In Part 1 of the series we looked in detail at what High Availability can actually mean. In this part we look specially at some metrics and tools that are used in practice to determine a systems availability.
Let's take a look at some examples of metrics both usable and of limited usefulness in availability determination.
Service Response Time
The actual time taken for a given service to complete a request and that response to be returned to the requester, is a fundamental service availability metric. This class of metrics form a very widespread, diverse but also essential group.
This metric could cover something well understood and often measured, for example the amount of time a DNS service takes to respond to a DNS lookup. A more complex example could be the amount of time a sales order takes to be acknowledged or some other business specific process. These different types of service response metrics will generally require different approaches and tools to monitor. A metric like DNS response time is now pretty much 'industry standard' and you'll find it built in to many tools. Another widely deployed 'standard' service metrics is HTTP request response time.
The activity levels of services can also be instrumental in determining the overall health and thus availability of your system. Number of HTTP requests, 404 errors, number of concurrent users and number of database transactions are some examples of service volume metrics.
How do service volume metrics help? Once a baseline, or what the expected volume of a given metric at any given time ought to be is established, these metrics can be used to spot service degradation or other anomalies.
If at 6:30PM on a Friday your Take Out Food Delivery e-commerce platform usually has 65,000 concurrent users but for is currently only hitting 4,500 users, this may be a clear indicator of a problem. If a backend database usually has around 3,500 transactions (at known time) per second but is currently recording 15,000 per second for no increase in front end traffic, then something is clearly amiss.
Service volume metrics can be used as part of availability metrics themselves or can be used for informational and alerting purposes as signs of trouble. or any combination of the above.
With all the focus on compute and service metrics, network metrics still serve vital functions. In order to understand how the end user experience is being affected network metrics are often needed.
Once upon a time it seemed as if the only metric anybody used to determine anything from network performance to if a server was 'up' was ping. Today ping itself is of limited usefulness as the ping response time figure is heavily influenced by network infrastructure and OS handling. In summary the ping round trip number actually cannot tell you a lot on its own. In 2017 ping absolutely shouldn't be used to determine if a server or other resource is up.
Jitter is the measure of variabillity in network packet delivery time. Many realtime applications such as VOIP are somewhat sensitive to jitter so awareness of this metric can be useful in some cases.
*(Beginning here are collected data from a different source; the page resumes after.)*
lemma differences_unbounded_if_wall:
  assumes no_wall: "\<And>t i. \<not> wall ((eca 44 ^^ t) p) i"
    and "wall ((eca 44 ^^ k) y) i0"
  shows "\<not> (\<exists>w. \<forall>t. \<exists>a. {i. (eca 44 ^^ t) p i \<noteq> (eca 44 ^^ t) y i} \<subseteq> {a..<a + w})"
proof
  assume "\<exists>w. \<forall>t. \<exists>a. {i. (eca 44 ^^ t) p i \<noteq> (eca 44 ^^ t) y i} \<subseteq> {a..<a + w}"
  then obtain w where w: "\<And>t. \<exists>a. {i. (eca 44 ^^ t) p i \<noteq> (eca 44 ^^ t) y i} \<subseteq> {a..<a + w}"
    by blast
  obtain t j where "k \<le> t" "j \<le> i0 - int (nat w + 2)" and wall_j: "wall ((eca 44 ^^ t) y) j"
    using walls_eca_44_far_left[OF assms(2)] by blast
  moreover have "(eca 44 ^^ t) y = (eca 44 ^^ (t - k)) ((eca 44 ^^ k) y)"
    using \<open>k \<le> t\<close> by (metis funpow_add le_add_diff_inverse2 o_apply)
  then have wall_i0: "wall ((eca 44 ^^ t) y) i0"
    using wall_funpow_eca_44[OF assms(2)] by simp
  \<comment> \<open>Every wall of \<open>y\<close> at time \<open>t\<close> marks a difference, since \<open>p\<close> has none.\<close>
  have differs: "\<exists>d\<in>{c, c + 1}. (eca 44 ^^ t) p d \<noteq> (eca 44 ^^ t) y d"
    if "wall ((eca 44 ^^ t) y) c" for c
    using that no_wall[of t c] by (auto simp: wall_def)
  obtain d1 d2 where "d1 \<in> {j, j + 1}" "d2 \<in> {i0, i0 + 1}"
    "(eca 44 ^^ t) p d1 \<noteq> (eca 44 ^^ t) y d1" "(eca 44 ^^ t) p d2 \<noteq> (eca 44 ^^ t) y d2"
    using differs[OF wall_j] differs[OF wall_i0] by blast
  moreover obtain a where "{i. (eca 44 ^^ t) p i \<noteq> (eca 44 ^^ t) y i} \<subseteq> {a..<a + w}"
    using w by blast
  ultimately have "a \<le> d1" "d2 < a + w" by auto
  moreover have "w \<le> int (nat w)" by simp
  ultimately show False using \<open>d1 \<in> {j, j + 1}\<close> \<open>d2 \<in> {i0, i0 + 1}\<close> \<open>j \<le> i0 - int (nat w + 2)\<close>
    by auto
qed
lemma prod_staircase_swap:
  fixes A B :: "nat \<Rightarrow> nat \<Rightarrow> 'a::comm_monoid_mult"
  assumes "Suc N = n"
  shows "(\<Prod>m=1..N. (\<Prod>k=1..m. A m k) * (\<Prod>k=m+1..n. B m k))
       = (\<Prod>k=1..n. (\<Prod>m=1..k-1. B m k) * (\<Prod>m=k..N. A m k))"
proof -
  let ?C = "\<lambda>m k. if k \<le> m then A m k else B m k"
  have row: "(\<Prod>k=1..m. A m k) * (\<Prod>k=m+1..n. B m k) = (\<Prod>k=1..n. ?C m k)" if "m \<in> {1..N}" for m
  proof -
    have "{1..n} \<inter> {k. k \<le> m} = {1..m}" "{1..n} \<inter> - {k. k \<le> m} = {m+1..n}"
      using that assms by auto
    then show ?thesis by (simp only: prod.If_cases[OF finite_atLeastAtMost])
  qed
  have column: "(\<Prod>m=1..k-1. B m k) * (\<Prod>m=k..N. A m k) = (\<Prod>m=1..N. ?C m k)" if "k \<in> {1..n}" for k
  proof -
    have "{1..N} \<inter> {m. k \<le> m} = {k..N}" "{1..N} \<inter> - {m. k \<le> m} = {1..k-1}"
      using that assms by auto
    then show ?thesis by (simp only: prod.If_cases[OF finite_atLeastAtMost] mult.commute)
  qed
  have "(\<Prod>m=1..N. (\<Prod>k=1..m. A m k) * (\<Prod>k=m+1..n. B m k)) = (\<Prod>m=1..N. \<Prod>k=1..n. ?C m k)"
    by (rule prod.cong[OF refl], rule row)
  also have "\<dots> = (\<Prod>k=1..n. \<Prod>m=1..N. ?C m k)"
    by (rule prod.swap)
  also have "\<dots> = (\<Prod>k=1..n. (\<Prod>m=1..k-1. B m k) * (\<Prod>m=k..N. A m k))"
    by (rule prod.cong[OF refl], rule column[symmetric])
  finally show ?thesis .
qed

lemma P_hat_eq_alternant:
  fixes x y z :: "nat \<Rightarrow> 'a::comm_ring_1"
  assumes "n \<ge> 1"
  shows "P_hat n x y z =
    alternant n (\<lambda>k t. (\<Prod>m=1..k-1. 1 - x m * t) * (\<Prod>m=k..n-1. 1 + y m * t)) z"
  unfolding P_hat_def alternant_def
proof (rule sum.cong[OF refl])
  fix \<sigma> assume "\<sigma> \<in> {\<sigma>. \<sigma> permutes {1..n}}"
  then have "(-1::'a) ^ perm_length n \<sigma> = of_int (sign \<sigma>)"
    by (simp add: sign_eq_neg_one_power_perm_length)
  moreover have "(\<Prod>m=1..n-1. (\<Prod>k=1..m. 1 + y m * z (\<sigma> k)) * (\<Prod>k=m+1..n. 1 - x m * z (\<sigma> k)))
     = (\<Prod>k=1..n. (\<Prod>m=1..k-1. 1 - x m * z (\<sigma> k)) * (\<Prod>m=k..n-1. 1 + y m * z (\<sigma> k)))"
    using assms by (intro prod_staircase_swap) simp
  ultimately show "(-1) ^ perm_length n \<sigma> *
      (\<Prod>m=1..n-1. (\<Prod>k=1..m. 1 + y m * z (\<sigma> k)) * (\<Prod>k=m+1..n. 1 - x m * z (\<sigma> k))) =
      of_int (sign \<sigma>) * (\<Prod>k=1..n. (\<Prod>m=1..k-1. 1 - x m * z (\<sigma> k)) * (\<Prod>m=k..n-1. 1 + y m * z (\<sigma> k)))"
    by simp
qed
Latency is the time it takes for a response to be received following a request being made. Commonly netywork latency (the time it takes for a packet to be send and a response to be received) is discussed. However many different types of latency can be measured to provide better insight into system availability. Examples of this include service response time latency, such as the time it takes for a new account to be opened or an API request to be returned.
There are numerous tools for service metric monitoring. They fall broadly into two categories although many products incorporate both of these.
Infrastructure Performance Monitoring
Traditionally these types of tools collected metrics on everything from the humble ping to disk space and disk queue lengths. Infrastructure performance tools encompass the types of 'monitoring systems' that are considered 'traditional'. Examples include Nagios, PRTG etc.
In the AWS space the CloudWatch offers significant monitoring capabilities 'out of the box' and with the abillity to add custom metrics its also possible to take it on a basic level into Application Performance Monitoring territory.
Application Performance Monitoring
Application Performance Monitoring as the name suggests focuses on the workings of applications themselves. At a high level this can be application response times and the like. However the heart of APM is monitoring is gaining insight into the inner workings of the application in real (or near) time. APM grants access to metrics from within applications themselves sometimes even down to how long a given piece of code takes to execute.
NewRelic is probably the most well known in this area but many other products such as DataDog and ManageEngine include advanced APM capabilities.
As already mentioned it's important to keep in mind that many traditional infrastructure performance monitoring tools now incorporate significant APM capabilities in their own right.
Outside The Cloud
Monitoring of elements outside of the cloud including on-premise resources and connectivity is essential to achieving the desired level of service availability. Many of the monitoring tools mentioned are capable of monitoring on-premise resources including network connectivity.
In order to ensure that your solution is able to meet its defined availability targets a comprehensive range of metrics should be monitored. These cannot be limited to 'infrastructure' metrics, traditional or otherwise. Metrics monitored must provide coverage of the entire stack as well as extending out to user endpoints and (where in scope) transit links.